Marco van de Voort marcov at stack.nl
Sun Aug 19 15:10:32 CEST 2001

> > Matt, I really don't understand why FPC lessening the strictness of
> Delphi's
> > implementation of OOP is hurting anything.
> Because no one uses the standard. If no one uses the standard, doesn't that
> tell you something about the standard? I.e. undesirable. I used to program
> in ADA, and to be honest it was a nightmare, mainly because some board
> somewhere had sat down and designed it. It was all over the place IMHO.

You might be right if Delphi's standard was fixed. However it still fluctuates
per version. Anything that doesn't break backwards compability could be
in the next Delphi version. We saw that with Overloading :-)
> > I mean, you can still declare
> > fields before methods if you want, but it's not necessary.
> Because Delphi is probably the most widely used Pascal compiler (Turbo
> Pascal given) today.

Purely copying doesn't work. Tapping in into the sourcebase does. So it should
eat Delphi programs, but shouldn't be limited by what Delphi can.

The implementation of the various forms of overloading by Borland is pretty
much proof of that.
> > Maybe it would be a good idea to force this strictness in {$MODE DELPHI},
> but I
> > think it would be a bad idea to also force it in {$MODE OBJFPC}.
> One of the major problems with FPC is that it tries to do too many things.
> Too many cooks spoil the broth etc. If FPC focused on a standard (and the
> Borland standard is one I would like to see aimed for, that's both Turbo and
> Object Pascal) then the compiler would be stronger.
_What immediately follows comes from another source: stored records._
lemma is_cycle_contract_edge_through:
  assumes G: "graph V E" and uv: "u \<in> V" "v \<in> V" "u \<noteq> v" "adj E u v"
    and C: "is_cycle (V - {v}) (contract_edge E u v) (u # cs)"
  obtains D where "is_cycle V E D" "set D \<subseteq> {u, v} \<union> set cs"
proof -
  let ?E' = "contract_edge E u v"
  have cs: "distinct cs" "length cs \<ge> 2" "set cs \<subseteq> V" "u \<notin> set cs" "v \<notin> set cs"
    and first: "adj ?E' u (hd cs)" and last: "adj ?E' (last cs) u"
    and path: "successively (adj ?E') cs"
    using C unfolding is_cycle_iff_successively by (auto simp: successively_Cons split: if_splits)
  have "cs \<noteq> []"
    using cs(2) by auto
  then have ends: "hd cs \<in> set cs" "last cs \<in> set cs"
    by auto
  have "successively (adj E) cs"
    using path cs(4) adj_of_adj_contract_edge[OF G uv(3)] by (auto intro: successively_mono)
  note close = is_cycle_ConsI[OF this cs(1,2,3)]
  \<comment> \<open>Close the path through the vertices of {u, v} its ends attach to, via uv if they differ.\<close>
  have "adj E u (hd cs) \<or> adj E v (hd cs)"
    using first adj_contract_edge_iff[OF G uv(3), of u "hd cs"] ends cs(5) uv(3) by auto
  then obtain x where x: "x \<in> {u, v}" "adj E x (hd cs)"
    by blast
  have "adj E (last cs) u \<or> adj E (last cs) v"
    using last adj_contract_edge_iff[OF G uv(3), of "last cs" u] ends cs(5) uv(3) by auto
  then obtain y where y: "y \<in> {u, v}" "adj E (last cs) y"
    by blast
  show thesis
  proof (cases "x = y")
    case True
    then have "is_cycle V E (x # cs)"
      using close x y uv cs by auto
    moreover have "set (x # cs) \<subseteq> {u, v} \<union> set cs"
      using x by auto
    ultimately show thesis
      using that by blast
  next
    case False
    then have "adj E y x"
      using x y uv(4) adj_commute by fastforce
    then have "is_cycle V E (x # cs @ [y])"
      using is_cycle_ConsI[of E "cs @ [y]" V x] x y uv cs False \<open>cs \<noteq> []\<close>
      by (auto simp: successively_append_iff \<open>successively (adj E) cs\<close>)
    moreover have "set (x # cs @ [y]) \<subseteq> {u, v} \<union> set cs"
      using x y by auto
    ultimately show thesis
      using that by blast
  qed
qed

lemma contract_edge_cycle_lift:
  assumes G: "graph V E" and uv: "u \<in> V" "v \<in> V" "u \<noteq> v" "adj E u v"
    and C: "is_cycle (V - {v}) (contract_edge E u v) C"
  shows "\<exists>D. is_cycle V E D \<and> set D \<subseteq> set C \<union> {v} \<and> (u \<notin> set C \<longrightarrow> D = C)"
proof (cases "u \<in> set C")
  case True
  then obtain cs where cs: "is_cycle (V - {v}) (contract_edge E u v) (u # cs)" "set (u # cs) = set C"
    using is_cycle_rotate_to[OF C] by blast
  obtain D where "is_cycle V E D" "set D \<subseteq> {u, v} \<union> set cs"
    using is_cycle_contract_edge_through[OF G uv cs(1)] .
  moreover have "{u, v} \<union> set cs = set C \<union> {v}"
    using cs(2) by auto
  ultimately show ?thesis
    using True by blast
next
  case False
  then show ?thesis
    using is_cycle_contract_edge_avoiding[OF G uv(3) C] by blast
qed

lemma anticomplete_contract_edge_lift:
  assumes G: "graph V E" and "u \<noteq> v"
    and apart: "anticomplete (contract_edge E u v) A B"
    and "v \<notin> A" "v \<notin> B" "u \<notin> B" "A' \<subseteq> A \<union> {v}" "u \<notin> A \<Longrightarrow> A' = A"
  shows "anticomplete E A' B"
  unfolding anticomplete_def
proof (intro conjI ballI notI)
  show "A' \<inter> B = {}"
    using apart assms(5,7) unfolding anticomplete_def by blast
next
  fix a b assume ab: "a \<in> A'" "b \<in> B" and "adj E a b"
  have "b \<noteq> u" "b \<noteq> v"
    using ab assms(5,6) by auto
  show False
  proof (cases "a = v")
    case True
    then have "u \<in> A" "adj (contract_edge E u v) u b"
      using ab assms(2,4,8) \<open>adj E a b\<close> \<open>b \<noteq> u\<close> \<open>b \<noteq> v\<close>
        adj_contract_edge_iff[OF G assms(2), of u b]
      by auto
    then show False
      using apart ab unfolding anticomplete_def by blast
  next
    case False
    then have "a \<in> A" "adj (contract_edge E u v) a b"
      using ab assms(7) \<open>adj E a b\<close> \<open>b \<noteq> v\<close> adj_contract_edge_iff[OF G assms(2)] by auto
    then show False
      using apart ab unfolding anticomplete_def by blast
  qed
qed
That is what it pretty much does. The extensions are only a few %%. As long
as that balance remains sound, I don't see why that would spoil the "broth"

FPC 1.1 eats thousands (and sometimes already 10s of thousands!) lines of
Delphi code without problems with the compiler (libraries are an entirely
different chapter)

> Implementing standards that no one uses is a waste of time and resources.

We don't have a legal version of the Delphi version. The original standard
was available in paper and free to use.

> Implementing additional compatibility modes is not worthwhile. If we want
> to use GPC, we can download it etc. Besides, surely the Extended Pascal
> standard would be a better one to aim for.

The extended standard is too much work. But the original standard is within
reach. It only requires very few changes, and some RTL changes (that shouldn't
be enabled standard, only under IFDEF)

Personally I think this is all academic. In practice FPC supports Delphi
with a few extensions.  The main probably are the libraries, and will remain
for a very long time. The core team is increasingly getting occupied with
the compiler, creating new targets, and maintaining the core RTL.

We need more donations to extend the libraries.  Same with Lazarus, which is
also need more contributors.

> > On a side note, GPC is supposedly going to implement OOP (the variety
> > described in the working draft) and treat .pp files as Pascal sources.
> GPC is next to useless in most normal ussage.

They have one large advantage IMHO, and that is not the one everybody thinks
it is: they can directly access C and C++ (and maybe even Java) headers.
If they ever get up to speed with FPC that could be a major disadvantage.

> > But I've never tried GPC, primarily because it sounds like it would be
> hard to
> > get set up but also because I feel it's hypocrisy to make a Pascal
> compiler
> > with C.
> Save yourself the bother ;-) Dont..

Not the first few years. They are pretty much in a kind of 0.99.5 or even
earlier stage, but then multiprocessor and with a horrible compiler build
process. Also GPC development seems to be stalling.